SALISBURY: At the simplest level we manage money for our clients. About 2.7 trillion dollars of assets today. Three main client segments. Institutional clients, our own private wealth clients, and then third-party wealth clients where we manage money on behalf of other wealth managers distribution partners. Those are the three main segments within institutional. We manage money on behalf of pensions, endowments, insurance companies, sovereign wealth funds. So that’s essentially what we do from a client segmentation perspective and we do that globally — US, Europe, and Asia.

In terms of the investing side of the business, we really are somewhat unique in that we cover the full range of products.

RITHOLTZ: Meaning both public and alternatives.

SALISBURY: Yes, and really even within that, the full range. So everything from money market funds, core fixed income, high yield, fundamental equity, quant equity, and then the full range of alternatives both direct and indirect. We have a business where we invest in other people’s private equity funds, private credit funds, and then we have a series of direct investment strategies. Private equity, growth equity, credit, real estate, infrastructure, sustainability, life sciences.

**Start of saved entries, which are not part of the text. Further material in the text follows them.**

lemma gadget_dicolouring_misses_colour:
  assumes C3: "class_C3 V A" and "dichromatic_number V A = k" and "A \<noteq> {}" and "I \<subseteq> V"
    and e: "A \<subseteq> e ` {1..m}" and c: "dicolouring ({..m} \<times> V) (gadget_arcs A I m e) k c"
  obtains j \<alpha> where "j \<in> {1..m}" "\<alpha> < k" "\<forall>v\<in>I. c (j, v) \<noteq> \<alpha>"
proof -
  have AV: "A \<subseteq> V \<times> V" using C3 by (simp add: class_C3_def digraph_def)
  have "dicolouring V A k (c \<circ> Pair 0)"
    by (rule dicolouring_comp[OF c]) (auto simp: gadget_arcs_iff)
  then obtain x y where xy: "(x, y) \<in> A" "c (0, x) = c (0, y)"
    using class_C3_dicolouring_monochromatic_arc[OF C3 assms(2) _ \<open>A \<noteq> {}\<close>] by (metis comp_apply)
  with e obtain j where j: "j \<in> {1..m}" "e j = (x, y)" by force
  define \<alpha> where "\<alpha> = c (0, x)"
  have "x \<in> V" "y \<in> V" using xy AV by auto
  then have "\<alpha> < k" using c unfolding \<alpha>_def dicolouring_def by simp
  have "c (j, v) \<noteq> \<alpha>" if "v \<in> I" for v
  proof
    assume "c (j, v) = \<alpha>"
    let ?S = "{p \<in> {..m} \<times> V. c p = \<alpha>}"
    have "(0, x) \<in> ?S" "(0, y) \<in> ?S" "(j, v) \<in> ?S"
      using \<open>x \<in> V\<close> \<open>y \<in> V\<close> \<open>v \<in> I\<close> \<open>I \<subseteq> V\<close> j xy(2) \<open>c (j, v) = \<alpha>\<close> unfolding \<alpha>_def by auto
    moreover have "((0, x), (0, y)) \<in> gadget_arcs A I m e" "((0, y), (j, v)) \<in> gadget_arcs A I m e"
      "((j, v), (0, x)) \<in> gadget_arcs A I m e"
      using xy(1) j \<open>v \<in> I\<close> by (auto simp: gadget_arcs_iff)
    ultimately have "\<not> acyclic (induced_arcs (gadget_arcs A I m e) ?S)"
      by (intro triangle_not_acyclic) (auto simp: induced_arcs_def)
    then show False using c \<open>\<alpha> < k\<close> by (simp add: dicolouring_def)
  qed
  then show thesis using that j(1) \<open>\<alpha> < k\<close> by blast
qed

lemma card_gadget_arcs_le:
  assumes "finite A" and "finite I"
  shows "card (gadget_arcs A I m e) \<le> (m + 1) * card A + 2 * (m * card I)"
proof -
  define R1 where "R1 = (\<lambda>(i, a). ((i, fst a), (i, snd a))) ` ({..m} \<times> A)"
  define R2 where "R2 = (\<lambda>(j, v). ((0::nat, snd (e j)), (j, v))) ` ({1..m} \<times> I)"
  define R3 where "R3 = (\<lambda>(j, v). ((j, v), (0::nat, fst (e j)))) ` ({1..m} \<times> I)"
  have "gadget_arcs A I m e \<subseteq> R1 \<union> R2 \<union> R3"
    unfolding gadget_arcs_def R1_def R2_def R3_def by force
  moreover have "finite (R1 \<union> R2 \<union> R3)" unfolding R1_def R2_def R3_def using assms by simp
  ultimately have "card (gadget_arcs A I m e) \<le> card (R1 \<union> R2 \<union> R3)" by (rule card_mono[rotated])
  also have "\<dots> \<le> card R1 + card R2 + card R3"
    by (meson card_Un_le le_trans add_le_mono order.refl)
  also have "\<dots> \<le> card ({..m} \<times> A) + card ({1..m} \<times> I) + card ({1..m} \<times> I)"
    unfolding R1_def R2_def R3_def by (intro add_mono card_image_le) (use assms in simp_all)
  finally show ?thesis by (simp add: card_cartesian_product)
qed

So what we find, and then of course we have a multi-asset solutions business where we talk to clients about the entirety of their portfolio, their strategic asset allocation models. So what we find is with our clients increasingly they don’t want to just be pitched on a product or pitched on a single idea. It’s like what do I do, how do I address my needs, what are my liability structures, how do I make long-term investment decisions, and then how do I execute upon that overall advice through these individual investment opportunities.

RITHOLTZ: So that sounds like a substantial menu of options that can be fairly customized for each individual client regardless family office, high net worth individual —

SALISBURY: Yes.

RITHOLTZ: — or one of the institutions.

SALISBURY: Yes.

RITHOLTZ: Take us through a little bit of what that process is like because I have to assume it’s not cookie cutter. If you’re dealing with a sovereign wealth fund, that’s a very different conversation —

SALISBURY: Yes.

RITHOLTZ: — than a family office.

SALISBURY: Look, every client is different. They have a different liability structure, different investment goals, different investment risk tolerances, and we have different teams. We have an institutional client team, we have private wealth advisors that cover our own clients directly, and then we have a series of people that cover the distribution partners. So it’s pretty bespoke and tailored to their individual needs.

And yes, some demand and expect a higher level of customization and a higher level of service. If somebody’s giving us billions of dollars, then they expect a very high level of customization. At the simpler end, it can be a relatively plain vanilla product. But I would say even our private wealth, smaller private wealth clients are increasingly looking for broader set of advice and customization in terms of how we design their portfolio, which could be implementing values that they have or tilts that they have a desire to include or exclude certain products or CUSIPs within their equity portfolio or fixed income portfolio.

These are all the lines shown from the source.